List of CASTOR meetings

Operations News

  • Proposed CASTOR face to face W/C Oct 5th or 12th
  • Update on failure of GDSS763 (atlasStrip) - CPUs replaced / drives have been returned to original hardware and GDSS782 (the donor headnode) also returned to original state. Both servers have completed passed acceptance test and are ready to be returned to production.

--old--

  • Juno (CASTOR Facilities) Oracle update to 11.2.0.4
  • xroot update for Alice
  • DiRAC data being written
  • Brain investigating rebalancing changes
  • Change to improve file open times on CASTOR (central db, subrequest todo procedure) - LHCb open times almost halved, additional tuning next week
  • Checksum issues – Shaun’s tool run on all VOs. Currently investigating further changes following discussion with CERN.
  • Draining on Atlas
  • Facilities CASTOR - change to time to write to tape from 30 mins to 5 mins now
  • CASTOR rebalancing underway
  • SL6 - tape x3 in Facilities completed, 9 to go
  • New LHCb tape pools created
  • Mice (Castor Gen) will be operating overnight and able to call pri oncall
  • All tape servers have now been upgraded to SL6 and are running smoothly
  • On a related note, the disk server SL6 configuration is ready but waiting for the Oracle updates to be completed.
    • We are examining options for running this in a slow-and-steady fashion with CASTOR up.
  • 13-generation disk servers are being prepared for deployment into CASTOR production
  • We are examining options for the upgrade of the CASTOR DBs to Oracle version 11.2.0.4. The experiments are keen to avoid downtime early in run 2, so some careful scheduling will be necessary.


Operations Problems

  • GDSS657 (LHCb tape backed) failed. 31 canbemigrs, 6 of which had failed checksums rest were copyed back into castor.

--old--

  • Lots of checksum errors this week – LHCb and some others, under investigation at this point (need to rule out that its not connected to rebalancing reconfiguration)
  • there are some problems with the information provider for DiRAC - reporting disk only etc
  • A flood of SRM DB dups on Atlas - all have been cleared Fri 26th
  • Data loss on castor facilities Diamond which appears to have been caused by failure of fdsdss30, files not written to tape possibly because of a bug in CASTOR (Matt doing post mortem).

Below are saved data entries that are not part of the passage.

lemma ointerval_meets_dcl:
  assumes "set_option lo \<subseteq> dcl L A" and "set_option hi \<subseteq> dcl L A"
    and "ointerval lo hi \<noteq> {}"
  shows "\<exists>z\<in>ointerval lo hi. z \<in> dcl L A"
proof (cases lo)
  case None
  show ?thesis
  proof (cases hi)
    case None
    with \<open>lo = None\<close> show ?thesis
      using zero_in_dcl by (auto simp: ointerval_def)
  next
    case (Some h)
    with \<open>lo = None\<close> assms(2) show ?thesis
      using omin_group_one_pos diff_in_dcl[OF _ one_in_dcl, of h]
      by (intro bexI[of _ "h - one"]) (auto simp: ointerval_def)
  qed
next
  case (Some l)
  show ?thesis
  proof (cases hi)
    case None
    with \<open>lo = Some l\<close> assms(1) show ?thesis
      using omin_group_one_pos add_in_dcl[OF _ one_in_dcl, of l]
      by (intro bexI[of _ "l + one"]) (auto simp: ointerval_def)
  next
    case (Some h)
    obtain z where z: "z + z = l + h"
      using omin_group_exists_half by blast
    have "l < h"
      using assms(3) \<open>lo = Some l\<close> \<open>hi = Some h\<close> by (auto simp: ointerval_def)
    then have "l < z" "z < h"
      using z by (rule midpoint_between)+
    moreover have "z \<in> dcl L A"
      using assms(1,2) \<open>lo = Some l\<close> \<open>hi = Some h\<close> z half_in_dcl add_in_dcl
      by (metis option.set_intros subsetD)
    ultimately show ?thesis
      using \<open>lo = Some l\<close> \<open>hi = Some h\<close> by (auto simp: ointerval_def)
  qed
qed

end

section \<open>Points in the definable closure\<close>

lemma subset_expand: "L \<subseteq> expand L P"
  by (auto simp: expand_def)

context
  fixes L :: "(nat \<times> 'a::linordered_ab_group_add list set) set" and one :: 'a and P C :: "'a set"
  assumes omin: "omin_group_expansion L one"
    and OP: "OP L P" and indep: "dcl_indep L (C - P) P"
begin

lemma definable_over_order_closure:
  "definable_over (expand L P) C 1 (lift1 t) \<Longrightarrow> definable_over L C 1 (lift1 (order_closure t))"
  using OP indep prod_closure_lift1[OF omin_group_unbounded[OF omin]] unfolding OP_def by metis

lemma order_frontier_subset_dcl:
  assumes "definable_over L UNIV 1 (lift1 s)" and "definable_over (expand L P) C 1 (lift1 s)"
  shows "finite (order_frontier s)" and "order_frontier s \<subseteq> dcl L C"
    and "tame (order_frontier s) s"
proof -
  obtain F where "finite F" "\<forall>I\<in>F. interval_or_point I" "s = \<Union>F"
    using o_minimal_decomposition[OF omin assms(1)] by blast
  then obtain E where "finite E" "tame E s"
    using tame_finite_Union by blast
  then have "order_frontier s \<subseteq> E"
    by (intro order_frontier_subset[OF omin_group_unbounded[OF omin]])
  with \<open>finite E\<close> show "finite (order_frontier s)"
    by (rule finite_subset[rotated])
  show "tame (order_frontier s) s"
    using tame_order_frontier[OF omin_group_dense[OF omin] \<open>finite E\<close> \<open>tame E s\<close>] .
  have "definable_over (expand L P) C 1 (lift1 (- s))"
    using definable_over_diff[OF assms(2)] by (simp add: lift1_Compl)
  then have "definable_over L C 1 (lift1 (order_frontier s))"
    using definable_over_Int[OF definable_over_order_closure[OF assms(2)]
        definable_over_order_closure] by (simp add: order_frontier_def lift1_Int)
  with \<open>finite (order_frontier s)\<close> show "order_frontier s \<subseteq> dcl L C"
    using finite_subset_dcl definable_over_less_rel[OF omin] by blast
qed

lemma exists_dcl_point:
  assumes "definable_over L UNIV 1 (lift1 s)" and "definable_over (expand L P) C 1 (lift1 s)"
    and "s \<noteq> {}"
  shows "\<exists>y\<in>s. y \<in> dcl L C"
proof -
  define K where "K = order_frontier s"
  have "finite K" "K \<subseteq> dcl L C" "tame K s"
    unfolding K_def by (fact order_frontier_subset_dcl[OF assms(1,2)])+
  obtain x where "x \<in> s"
    using assms(3) by blast
  show ?thesis
  proof (cases "x \<in> K")
    case True
    with \<open>x \<in> s\<close> \<open>K \<subseteq> dcl L C\<close> show ?thesis
      by blast
  next
    case False
    then obtain lo hi where "set_option lo \<subseteq> K" "set_option hi \<subseteq> K"
      and "x \<in> ointerval lo hi" "ointerval lo hi \<inter> K = {}"
      using finite_ointerval_around[OF \<open>finite K\<close>] by blast
    then have "ointerval lo hi \<subseteq> s"
      using tame_ointerval[OF omin_group_unbounded[OF omin] \<open>tame K s\<close>] \<open>x \<in> s\<close> by blast
    moreover obtain z where "z \<in> ointerval lo hi" "z \<in> dcl L C"
      using ointerval_meets_dcl[OF omin] \<open>K \<subseteq> dcl L C\<close> \<open>set_option lo \<subseteq> K\<close>
        \<open>set_option hi \<subseteq> K\<close> \<open>x \<in> ointerval lo hi\<close> by (metis empty_iff subset_trans)
    ultimately show ?thesis
      by blast
  qed
qed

Files are still present on Diamond's network and will be rewritten.
  • Fermilab 50MB/s some trans and 0.1MB/s others ... might be an issue at fermilab on particular server, Brian investigating
  • The gridmap file on the the webdav host lcgcadm04.gridpp.rl.ac.uk is not auto-updating - needed for lhcb and vo.dirac.ac.uk
  • Atlas running out of space (read-only being included in free space accounting not helping)
  • CLF VO issues - configuration error corrected
  • GDSS711 CMSdisk – issue around statup of xroot needs to be considered further
  • AtlasStripInput is filling up - need to deploy new servers
  • CMS fileopen issue - have allowed unscheduled xroot reads / need to be documented for oncall
  • Atlas files without NS checksums causing file copies to fail (may affect other VOs)
  • Possible problem identified when creating new service class for DiRAC, castor external emailed
  • standby DBs for castor are occasionally 10 or 15 mins behind and return to sync
  • xroot redirection - works with our redirector but not others, this started during a past upgrade - shaun debugging.
    • We have determined that the most serious incidence of this problem is due to a number of hot datasets that are located almost entirely on one node. Shaun has implemented a process to redistribute this data across the rest of the cmsDisk pool.
  • Retrieval errors from facilities castor - a number of similar incidents seen in last few weeks.
  • GDSS757 cmsDisk / 763 atlasStripInput - new motherboards, fabric acceptance test complete, ready for deployment.
  • A higher number of checksum errors (Alice) - found to be due to VO actions. This is being cleared up.
  • Atlas are putting files (sonar.test files) into un-routable paths - this looks like an issue with the space token used. Brian working on this.
    • This is related to a problem with latest gfal libraries - not a new problem but Atlas are starting to exercise functionality and identifying these issues
  • castor functional test on lcgccvm02 causing problems - Gareth reviewing.


Blocking Issues

  • grid ftp bug in SL6 - stops any globus copy if a client is using a particular library. This is a show stopper for SL6 on disk server.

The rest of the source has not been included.